The Panic of 1819: Reactions and Policies
- Author: Murray Rothbard
- Language: English
- Subject: History
- Published: 1962
- Publisher: Columbia University Press
- Publication place: United States
- ISBN: 9780231939102
- OCLC: 468595119

= The Panic of 1819 (book) =

Book by Murray Rothbard

The Panic of 1819: Reactions and Policies is a 1962 book by the economist Murray Rothbard, in which the author discusses what he calls the first great economic crisis of the United States. The book is based on his doctoral dissertation in economics at Columbia University during the mid-1950s.

==Summary==
During the 19th century some observers believed that the panic originated within the economic system itself, since the event could not be readily attributed to any specific event, as had some previous crises. Rothbard, however, states that the Panic of 1819 arose from developments related to the War of 1812 and the postwar prosperity that followed. The outbreak of war stifled foreign trade and spurred the growth of domestic manufacturing, which grew to fill the demand previously met by imports. The government borrowed heavily to finance the war. Rothbard alleges that this led to a credit expansion which in turn led to rising prices. Rothbard's book provides a narrative of these events.

==Reception==
The book had at least seven reviews which included both praise and criticism.

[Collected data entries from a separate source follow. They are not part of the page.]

(* Let $N,Q$ be positive integers, $C=[-1,1)^{2N-1}$, $C_+=[0,1)^{2N-1}$ and $F(x)=(1+\|x\|^2)^{-N}$. For every continuous nonnegative function $\Theta:[-1,1]^{2N-1}\times[0,1]^{2N-1}\to\mathbb{R}$, $$\int_C\Theta(A_Q(x),B_Q(x))F(x)\,\mathrm{d}x\le\exp\!\Big(\frac{2N^{3/2}}{Q}\Big)\int_{C_+}\int_C\Theta(A_Q(x),y)F(x)\,\mathrm{d}x\,\mathrm{d}y.$$
   Context: For $a\in\mathbb{R}$, $A(a)$ is the integral part of $a$ and $A_Q(a)=Q^{-1}A(Qa)$. For $x\in\mathbb{R}^{2N-1}$, $A_Q(x)=(A_Q(x_1),\dots,A_Q(x_{2N-1}))$ and $B_Q(x)=(x-A_Q(x))Q\in[0,1]^{2N-1}$. $\|\cdot\|$ is the Euclidean norm and integrals are with respect to Lebesgue measure. *)

theory Defs
  imports "HOL-Analysis.Analysis"
begin

definition AQ :: "nat \<Rightarrow> real \<Rightarrow> real" where
  "AQ Q a = real_of_int \<lfloor>real Q * a\<rfloor> / real Q"

definition AQv :: "nat \<Rightarrow> real^'n \<Rightarrow> real^'n" where
  "AQv Q x = (\<chi> i. AQ Q (x $ i))"

definition BQv :: "nat \<Rightarrow> real^'n \<Rightarrow> real^'n" where
  "BQv Q x = real Q *\<^sub>R (x - AQv Q x)"

definition hcube :: "real \<Rightarrow> real \<Rightarrow> (real^'n) set" where
  "hcube a b = {x. \<forall>i. a \<le> x $ i \<and> x $ i < b}"

definition FN :: "nat \<Rightarrow> real^'n \<Rightarrow> real" where
  "FN N x = (1 + (norm x)\<^sup>2) powr (- real N)"

end

theory Submission
  imports Defs
begin

text \<open>
  Split the cube into the grid cells \<open>[k/Q, (k+1)/Q)\<close>, on which \<open>A\<^sub>Q\<close> is constant and \<open>B\<^sub>Q\<close> is
  the affine bijection \<open>x \<mapsto> Q(x - k/Q)\<close> onto the unit cube. A cell then contributes
  \<open>\<integral>\<Theta>(k/Q, Q(x - k/Q)) F(x) dx\<close> to the left-hand side and \<open>(\<integral>\<Theta>(k/Q, y) dy) (\<integral>\<^sub>c\<^sub>e\<^sub>l\<^sub>l F)\<close> to the
  right-hand side. Since \<open>|\<nabla> log F| \<le> N\<close>, both are within a factor \<open>exp(N \<cdot> diam/2)\<close> of the same
  expression with \<open>F\<close> frozen at the centre of the cell, and \<open>N \<cdot> diam = N\<surd>(2N - 1)/Q \<le> 2N^(3/2)/Q\<close>.
\<close>

lemma continuous_on_FN: "continuous_on S (FN N)"
  unfolding FN_def by (intro continuous_intros) (smt (verit) zero_le_power2)

lemma FN_pos: "FN N x > 0"
  unfolding FN_def by (smt (verit) powr_gt_zero zero_le_power2)

lemma ln_one_plus_square_diff_le:
  fixes s t :: real
  assumes "t \<le> s"
  shows "ln (1 + s\<^sup>2) - ln (1 + t\<^sup>2) \<le> s - t"
proof -
  have "ln (1 + s\<^sup>2) - s \<le> ln (1 + t\<^sup>2) - t"
  proof (rule DERIV_nonpos_imp_nonincreasing[OF assms])
    fix x :: real
    have pos: "1 + x\<^sup>2 > 0" by (simp add: add_pos_nonneg)
    have "((\<lambda>u. ln (1 + u\<^sup>2) - u) has_real_derivative (2 * x / (1 + x\<^sup>2) - 1)) (at x)"
      using pos by (auto intro!: derivative_eq_intros simp: power2_eq_square)
    moreover have "2 * x \<le> 1 + x\<^sup>2"
      using zero_le_power2[of "x - 1"] by (simp add: power2_diff)
    then have "2 * x / (1 + x\<^sup>2) - 1 \<le> 0"
      using pos by (simp add: divide_le_eq)
    ultimately show "\<exists>y. ((\<lambda>u. ln (1 + u\<^sup>2) - u) has_real_derivative y) (at x) \<and> y \<le> 0"
      by blast
  qed
  then show ?thesis by simp
qed

lemma FN_le_exp_dist: "FN N x \<le> exp (real N * dist x z) * FN N z"
proof -
  have pos: "1 + (norm y)\<^sup>2 > 0" for y :: "real^'n" by (simp add: add_pos_nonneg)
  have log_diff: "ln (1 + (norm z)\<^sup>2) - ln (1 + (norm x)\<^sup>2) \<le> dist x z"
  proof (cases "norm z \<le> norm x")
    case True
    then have "(norm z)\<^sup>2 \<le> (norm x)\<^sup>2" by (simp add: power_mono)
    then have "ln (1 + (norm z)\<^sup>2) \<le> ln (1 + (norm x)\<^sup>2)"
      using pos by (subst ln_le_cancel_iff) auto
    then show ?thesis using zero_le_dist[of x z] by linarith
  next
    case False
    then have "ln (1 + (norm z)\<^sup>2) - ln (1 + (norm x)\<^sup>2) \<le> norm z - norm x"
      by (intro ln_one_plus_square_diff_le) simp
    also have "\<dots> \<le> dist x z"
      by (metis dist_commute dist_norm norm_triangle_ineq2)
    finally show ?thesis .
  qed
  have "FN N x = exp (- real N * ln (1 + (norm x)\<^sup>2))"
    unfolding FN_def powr_def using pos[of x] by simp
  also have "\<dots> \<le> exp (real N * dist x z + (- real N * ln (1 + (norm z)\<^sup>2)))"
    using mult_left_mono[OF log_diff, of "real N"] by (simp add: algebra_simps)
  also have "\<dots> = exp (real N * dist x z) * FN N z"
    unfolding FN_def powr_def exp_add using pos[of z] by simp
  finally show ?thesis .
qed

lemma dist_midpoint_le_cbox:
  fixes a b x :: "'a::euclidean_space"
  assumes "x \<in> cbox a b"
  shows "2 * dist x (midpoint a b) \<le> dist a b"
proof -
  have "norm (2 *\<^sub>R x - a - b) \<le> norm (b - a)"
  proof (rule norm_le_componentwise)
    fix i :: 'a assume "i \<in> Basis"
    then have "a \<bullet> i \<le> x \<bullet> i" "x \<bullet> i \<le> b \<bullet> i" using assms by (auto simp: mem_box)
    then show "\<bar>(2 *\<^sub>R x - a - b) \<bullet> i\<bar> \<le> \<bar>(b - a) \<bullet> i\<bar>"
      by (simp add: inner_diff_left)
  qed
  moreover have "2 *\<^sub>R x - a - b = 2 *\<^sub>R (x - midpoint a b)"
    by (simp add: midpoint_def algebra_simps)
  ultimately show ?thesis by (simp add: dist_norm norm_minus_commute)
qed

lemma has_integral_between_box_cbox:
  fixes f :: "'a::euclidean_space \<Rightarrow> real"
  assumes "box a b \<subseteq> S" "S \<subseteq> cbox a b"
  shows "(f has_integral i) S \<longleftrightarrow> (f has_integral i) (cbox a b)"
proof (rule has_integral_spike_set_eq)
  show "negligible {x \<in> S - cbox a b. f x \<noteq> 0}"
    by (rule negligible_subset[OF negligible_empty]) (use assms(2) in blast)
  show "negligible {x \<in> cbox a b - S. f x \<noteq> 0}"
    by (rule negligible_subset[OF negligible_frontier_interval]) (use assms(1) in blast)
qed

definition cell_lo :: "nat \<Rightarrow> ('n \<Rightarrow> int) \<Rightarrow> real^'n" where
  "cell_lo Q k = (\<chi> i. real_of_int (k i) / real Q)"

In a 1990 interview in The Austrian Economics Newsletter Rothbard was asked about the reception to the book and said it was well received, "In fact, much better than any other of my books. Maybe that's because I didn't analyze the causes. I only wrote about how people wanted to cure it."

== Publishing history ==
- New York: Columbia University Press, 1962.
- New York: AMS Press, 1973. ISBN 0-404-51605-X.
- Auburn, Alabama: Ludwig von Mises Institute, 2002. Web-based PDF file prepared by William Harshbarger.
- Auburn, Alabama: Ludwig von Mises Institute, 2007. ISBN 978-1-933550-08-4.